Ohio State staff admitted that the root cause of four players transferring out of the program during and after the 2015-16 season was a culture problem. But it wasn’t one specific to the Buckeyes program, but rather one pervasive in college basketball.
"Coach Matta was immune from guys leaving Ohio State (for a long time)," Ohio State assistant coach Dave Dickerson said, "But I don’t think any program in the country is immune from what happened this past offseason for us.
"We have to do a better job as coaches, we have to do a better job as recruiters, there’s no doubt about that. But the world of college basketball is changed radically to where what happened with kids now, and this is not our fault, if kids don’t here or get what they want there’s another option."
Regardless of whether there were serious internal issues prompting Ohio State's departures, transfers have become an epidemic in college basketball in recent seasons. It's just another part of college basketball at this point.
According to ESPN's transfer tracker the number of transfers across all levels of college basketball have more-than tripled during the nine years they have been tracking them.
To Dickerson's point Ohio State has rarely had to deal with transfers over Matta's tenure.
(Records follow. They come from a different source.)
(* Let $(L,\vee,\wedge,\odot,\rightarrow,0,1)$ be a residuated lattice. The following are equivalent: (i) $L$ is a BL-algebra; (ii) for all $x,y,z\in L$, if $x\odot(x\rightarrow y)\leq z$, then $(x\rightarrow z)\vee(y\rightarrow z)=1$; (iii) $[x\odot(x\rightarrow y)]\rightarrow z=(x\rightarrow z)\vee(y\rightarrow z)$ for all $x,y,z\in L$.
   Context: A (commutative) residuated lattice is an algebra $(L,\wedge,\vee,\odot,\rightarrow,0,1)$ such that $(L,\wedge,\vee,0,1)$ is a bounded lattice, $(L,\odot,1)$ is a commutative ordered monoid, and $z\leq x\rightarrow y$ iff $x\odot z\leq y$ for all $x,y,z\in L$. A BL-algebra is a residuated lattice satisfying prelinearity $(x\rightarrow y)\vee(y\rightarrow x)=1$ and divisibility $x\odot(x\rightarrow y)=x\wedge y$ for all $x,y$. *)

theory Defs
  imports Main
begin

text \<open>A (commutative) residuated lattice on a bounded lattice type 'a,
  given by the monoid operation mult and the residuum imp
  (0 = bot, 1 = top, order = the lattice order).\<close>

definition residuated_lattice :: "('a::bounded_lattice \<Rightarrow> 'a \<Rightarrow> 'a) \<Rightarrow> ('a \<Rightarrow> 'a \<Rightarrow> 'a) \<Rightarrow> bool" where
  "residuated_lattice mult imp \<longleftrightarrow>
     (\<forall>x y z. mult (mult x y) z = mult x (mult y z)) \<and>
     (\<forall>x y. mult x y = mult y x) \<and>
     (\<forall>x. mult x top = x) \<and>
     (\<forall>x y z. x \<le> y \<longrightarrow> mult x z \<le> mult y z) \<and>
     (\<forall>x y z. z \<le> imp x y \<longleftrightarrow> mult x z \<le> y)"

definition BL_algebra :: "('a::bounded_lattice \<Rightarrow> 'a \<Rightarrow> 'a) \<Rightarrow> ('a \<Rightarrow> 'a \<Rightarrow> 'a) \<Rightarrow> bool" where
  "BL_algebra mult imp \<longleftrightarrow>
     residuated_lattice mult imp \<and>
     (\<forall>x y. sup (imp x y) (imp y x) = top) \<and>
     (\<forall>x y. mult x (imp x y) = inf x y)"

end

theory Submission
  imports Defs
begin

text \<open>
  (i) \<Rightarrow> (iii): by divisibility the left-hand side is \<open>(x \<sqinter> y) \<rightarrow> z\<close>, and
  multiplying \<open>w = (x \<sqinter> y) \<rightarrow> z\<close> by the prelinearity identity
  \<open>1 = (x \<rightarrow> y) \<squnion> (y \<rightarrow> x)\<close> and distributing splits \<open>w\<close> into a part below
  \<open>x \<rightarrow> z\<close> and a part below \<open>y \<rightarrow> z\<close>.
  (iii) \<Rightarrow> (ii) holds since \<open>a \<rightarrow> b = 1\<close> iff \<open>a \<le> b\<close>.
  (ii) \<Rightarrow> (i): for \<open>z = x \<odot> (x \<rightarrow> y)\<close> the same splitting, now applied to
  \<open>x \<sqinter> y\<close>, gives \<open>x \<sqinter> y \<le> z\<close>, i.e. divisibility; then \<open>z = x \<sqinter> y\<close>
  yields prelinearity because \<open>x \<rightarrow> (x \<sqinter> y) \<le> x \<rightarrow> y\<close>.
\<close>

context
  fixes mult imp :: "'a::bounded_lattice \<Rightarrow> 'a \<Rightarrow> 'a"
  assumes residuated: "residuated_lattice mult imp"
begin

lemma le_imp_iff: "z \<le> imp x y \<longleftrightarrow> mult x z \<le> y"
  using residuated unfolding residuated_lattice_def by blast

lemma mult_commute: "mult x y = mult y x"
  using residuated unfolding residuated_lattice_def by blast

lemma mult_assoc: "mult (mult x y) z = mult x (mult y z)"
  using residuated unfolding residuated_lattice_def by blast

lemma mult_top: "mult x top = x"
  using residuated unfolding residuated_lattice_def by blast

lemma mult_mono_left: "x \<le> y \<Longrightarrow> mult x z \<le> mult y z"
  using residuated unfolding residuated_lattice_def by blast

lemma mult_mono_right: "x \<le> y \<Longrightarrow> mult z x \<le> mult z y"
  using mult_mono_left mult_commute by metis

lemma mult_imp_le: "mult x (imp x y) \<le> y"
  using le_imp_iff by blast

lemma mult_le_left: "mult x y \<le> x"
  by (metis mult_mono_right mult_top top.extremum)

lemma imp_eq_top_iff: "imp x y = top \<longleftrightarrow> x \<le> y"
  by (metis le_imp_iff mult_top top.extremum top.extremum_uniqueI)

lemma imp_antimono: "x \<le> y \<Longrightarrow> imp y z \<le> imp x z"
  by (meson le_imp_iff mult_imp_le mult_mono_left order_trans)

lemma imp_mono: "x \<le> y \<Longrightarrow> imp z x \<le> imp z y"
  by (meson le_imp_iff mult_imp_le order_trans)

lemma mult_sup_distrib: "mult x (sup y z) = sup (mult x y) (mult x z)"
proof (rule order.antisym)
  have "y \<le> imp x (sup (mult x y) (mult x z))" "z \<le> imp x (sup (mult x y) (mult x z))"
    by (simp_all add: le_imp_iff)
  then show "mult x (sup y z) \<le> sup (mult x y) (mult x z)"
    by (simp add: le_imp_iff [symmetric])
  show "sup (mult x y) (mult x z) \<le> mult x (sup y z)"
    by (simp add: mult_mono_right)
qed

lemma split_by_sup_eq_top:
  assumes "sup u v = top"
  shows "w = sup (mult w u) (mult w v)"
  by (metis assms mult_sup_distrib mult_top)

lemma BL_imp_mult_imp_eq_sup:
  assumes prelinear: "\<And>x y. sup (imp x y) (imp y x) = top"
    and divisible: "\<And>x y. mult x (imp x y) = inf x y"
  shows "imp (mult x (imp x y)) z = sup (imp x z) (imp y z)"
proof (rule order.antisym)
  define w where "w = imp (inf x y) z"
  have "mult (imp x y) w \<le> imp x z"
    unfolding le_imp_iff w_def by (metis divisible mult_assoc mult_imp_le)
  moreover have "mult (imp y x) w \<le> imp y z"
    unfolding le_imp_iff w_def by (metis divisible inf_commute mult_assoc mult_imp_le)
  moreover have "w = sup (mult (imp x y) w) (mult (imp y x) w)"
    using split_by_sup_eq_top [OF prelinear [of x y], of w] by (simp add: mult_commute)
  ultimately have "w \<le> sup (imp x z) (imp y z)"
    by (metis sup_mono)
  then show "imp (mult x (imp x y)) z \<le> sup (imp x z) (imp y z)"
    by (simp add: w_def divisible)
  show "sup (imp x z) (imp y z) \<le> imp (mult x (imp x y)) z"
    by (simp add: divisible imp_antimono)
qed

lemma sup_imp_eq_top_if_mult_imp_le:
  assumes "\<And>x y z. imp (mult x (imp x y)) z = sup (imp x z) (imp y z)"
    and "mult x (imp x y) \<le> z"
  shows "sup (imp x z) (imp y z) = top"
  by (metis assms imp_eq_top_iff)

lemma BL_algebra_if_sup_imp_eq_top:
  assumes sup_top: "\<And>x y z. mult x (imp x y) \<le> z \<Longrightarrow> sup (imp x z) (imp y z) = top"
  shows "BL_algebra mult imp"
proof -
  have divisible: "mult x (imp x y) = inf x y" for x y
  proof (rule order.antisym)
    show "mult x (imp x y) \<le> inf x y"
      by (simp add: mult_imp_le mult_le_left)
    define z where "z = mult x (imp x y)"
    have "mult (inf x y) (imp x z) \<le> z" "mult (inf x y) (imp y z) \<le> z"
      by (meson inf_le1 inf_le2 mult_imp_le mult_mono_left order_trans)+
    moreover have "inf x y = sup (mult (inf x y) (imp x z)) (mult (inf x y) (imp y z))"
      using split_by_sup_eq_top [OF sup_top [of x y z]] by (simp add: z_def)
    ultimately show "inf x y \<le> z"
      by (metis sup_least)
  qed
  have prelinear: "sup (imp x y) (imp y x) = top" for x y
  proof -
    have "sup (imp x (inf x y)) (imp y (inf x y)) = top"
      using sup_top divisible by simp
    moreover have "imp x (inf x y) \<le> imp x y" "imp y (inf x y) \<le> imp y x"
      by (simp_all add: imp_mono)
    ultimately show ?thesis
      by (metis sup_mono top.extremum_uniqueI)
  qed
  show ?thesis
    unfolding BL_algebra_def using residuated divisible prelinear by blast
qed

end

theorem proposition3p4:
  fixes mult imp :: "'a::bounded_lattice \<Rightarrow> 'a \<Rightarrow> 'a"
  assumes "residuated_lattice mult imp"
  shows "(BL_algebra mult imp
            \<longleftrightarrow> (\<forall>x y z. mult x (imp x y) \<le> z \<longrightarrow> sup (imp x z) (imp y z) = top))
       \<and> (BL_algebra mult imp
            \<longleftrightarrow> (\<forall>x y z. imp (mult x (imp x y)) z = sup (imp x z) (imp y z)))"
proof -
  have i_iii: "BL_algebra mult imp \<Longrightarrow>
      \<forall>x y z. imp (mult x (imp x y)) z = sup (imp x z) (imp y z)"
    using BL_imp_mult_imp_eq_sup [OF assms] unfolding BL_algebra_def by blast
  have iii_ii: "\<forall>x y z. imp (mult x (imp x y)) z = sup (imp x z) (imp y z) \<Longrightarrow>
      \<forall>x y z. mult x (imp x y) \<le> z \<longrightarrow> sup (imp x z) (imp y z) = top"
    using sup_imp_eq_top_if_mult_imp_le [OF assms] by blast
  have ii_i: "\<forall>x y z. mult x (imp x y) \<le> z \<longrightarrow> sup (imp x z) (imp y z) = top \<Longrightarrow>
      BL_algebra mult imp"
    using BL_algebra_if_sup_imp_eq_top [OF assms] by blast
  show ?thesis
    using i_iii iii_ii ii_i by blast
qed

end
Prior to this season the Buckeyes saw just five players transfer out of the program in the head coach's 12 seasons in Columbus. Furthermore, the Buckeyes have benefited from some transfers, including last year's starting center Trevor Thompson.
Still, the total number of transfers in the Matta era nearly doubled this year as Austin Grandstaff, Daniel Giddens, A.J. Harris and Mickey Mitchell all left the program.
The head coach agreed with Dickerson's sentiment that the departures were part of a culture problem, but one that extends far beyond Ohio State and is pervasive in college basketball.
“I think that the landscape of college basketball has undoubtedly changed. Talking to other coaches and we’ve all got the exact same problems, we just wear different colored uniforms," Matta said in April. "I think from that perspective, it’s one of those situations where it sort of is what it is in terms of instant gratification and those types of things. Some guys maybe aren’t as patient and see the big picture, but that’s part of it. I think the new millennial, whatever they’re called, all these young guys out here upon getting their degree they want a corner office. I think that’s something that’s probably the hardest part just in society right now. With that said, it is what it is and you deal with it and move forward.”
The Buckeyes are moving forward with the players who want to be part of the Ohio State program, and by all accounts that's just fine with the staff.